Stored data:
-*-*-

text \<open>By the mean value theorem along the segment from y to x, the quantity
  (F_W x - F_W y) \<bullet> (x - y) equals h \<bullet> (W J_F(z) h) for h = x - y and some z on
  the segment; positive definiteness of the symmetric part of W J_F(z) makes it
  positive, so F_W is strictly monotone on the convex set D.  The variational
  inequality has a solution by Brouwer's theorem applied to x \<mapsto> proj_D (x - F_W x),
  and at most one by strict monotonicity.  Every zero of F in D solves the
  variational inequality, so it must be that unique solution.\<close>

lemma differentiable_vec_componentwise:
  fixes f :: "real^'m \<Rightarrow> real^'n"
  assumes "\<And>c. (\<lambda>x. f x $ c) differentiable (at a)"
  shows "f differentiable (at a)"
  using differentiable_componentwise_within[of f a UNIV] assms
  by (auto simp: Basis_vec_def cart_eq_inner_axis[symmetric])

lemma differentiable_exp_comp:
  "f differentiable (at a) \<Longrightarrow> (\<lambda>x. exp (f x :: real)) differentiable (at a)"
  by (metis differentiable_def has_derivative_exp)

lemma differentiable_sin_comp:
  "f differentiable (at a) \<Longrightarrow> (\<lambda>x. sin (f x :: real)) differentiable (at a)"
  by (metis differentiable_def has_derivative_sin)

lemma differentiable_cos_comp:
  "f differentiable (at a) \<Longrightarrow> (\<lambda>x. cos (f x :: real)) differentiable (at a)"
  by (metis differentiable_def has_derivative_cos)

lemma differentiable_vec_nth: "(\<lambda>x::real^'k. x $ c) differentiable (at a)"
  by (simp add: bounded_linear_imp_differentiable bounded_linear_vec_nth)

lemma rho_of_differentiable: "(\<lambda>x. rho_of pq v \<rho>0 pos x i) differentiable (at a)"
  unfolding rho_of_def by (cases "i = 0"; cases "i \<in> pq") (simp_all add: differentiable_vec_nth)

lemma theta_of_differentiable: "(\<lambda>x. theta_of \<theta>0 pos x i) differentiable (at a)"
  unfolding theta_of_def by (cases "i = 0") (simp_all add: differentiable_vec_nth)

lemmas injection_differentiable_intros =
  differentiable_add differentiable_diff differentiable_sum differentiable_mult
  differentiable_exp_comp differentiable_sin_comp differentiable_cos_comp
  rho_of_differentiable theta_of_differentiable differentiable_const finite_atLeastAtMost

lemma act_inj_differentiable:
  "(\<lambda>x. act_inj n Y (rho_of pq v \<rho>0 pos x) (theta_of \<theta>0 pos x) i) differentiable (at a)"
  unfolding act_inj_def by (intro injection_differentiable_intros ballI)

lemma react_inj_differentiable:
  "(\<lambda>x. react_inj n Y (rho_of pq v \<rho>0 pos x) (theta_of \<theta>0 pos x) i) differentiable (at a)"
  unfolding react_inj_def by (intro injection_differentiable_intros ballI)

lemma power_flow_differentiable:
  "power_flow n Y pq v p q \<rho>0 \<theta>0 pos differentiable (at a)"
proof (rule differentiable_vec_componentwise)
  fix c
  show "(\<lambda>x. power_flow n Y pq v p q \<rho>0 \<theta>0 pos x $ c) differentiable (at a)"
    by (cases "inv_into (var_labels n pq) pos c")
       (simp_all add: power_flow_def Let_def act_inj_differentiable react_inj_differentiable)
qed

lemma inner_symmetric_part_mult:
  "(h::real^'k) \<bullet> (((1/2) *\<^sub>R (A + transpose A)) *v h) = h \<bullet> (A *v h)"
proof -
  have "h \<bullet> (transpose A *v h) = h \<bullet> (A *v h)"
    by (simp add: dot_lmul_matrix[symmetric] inner_commute)
  then show ?thesis
    by (simp add: scaleR_matrix_vector_assoc[symmetric] matrix_vector_mult_add_rdistrib inner_add_right)
qed

lemma jacobian_works:
  assumes "G differentiable (at x)"
  shows "(G has_derivative (\<lambda>h. jacobian G x *v h)) (at x)"
proof -
  have "(G has_derivative frechet_derivative G (at x)) (at x)"
    using assms frechet_derivative_works by blast
  moreover from this have "linear (frechet_derivative G (at x))"
    using has_derivative_linear by blast
  ultimately show ?thesis
    unfolding jacobian_def by (simp add: matrix_works)
qed

lemma jacobian_matrix_vector_mult:
  assumes "G differentiable (at x)"
  shows "jacobian (\<lambda>x. W *v G x) x = W ** jacobian G x"
proof -
  have "((\<lambda>x. W *v G x) has_derivative (\<lambda>h. (W ** jacobian G x) *v h)) (at x)"
    using bounded_linear.has_derivative[OF matrix_vector_mul_bounded_linear jacobian_works[OF assms]]
    by (simp add: matrix_vector_mul_assoc)
  then show ?thesis
    unfolding jacobian_def by (metis frechet_derivative_at matrix_of_matrix_vector_mul)
qed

-*-*-

WHAT TO WORK ON
Only the lines above that hold "transpose" are wanted. Show every one of them.

YOUR RESPONSE
  "(h::real^'k) \<bullet> (((1/2) *\<^sub>R (A + transpose A)) *v h) = h \<bullet> (A *v h)"
  have "h \<bullet> (transpose A *v h) = h \<bullet> (A *v h)"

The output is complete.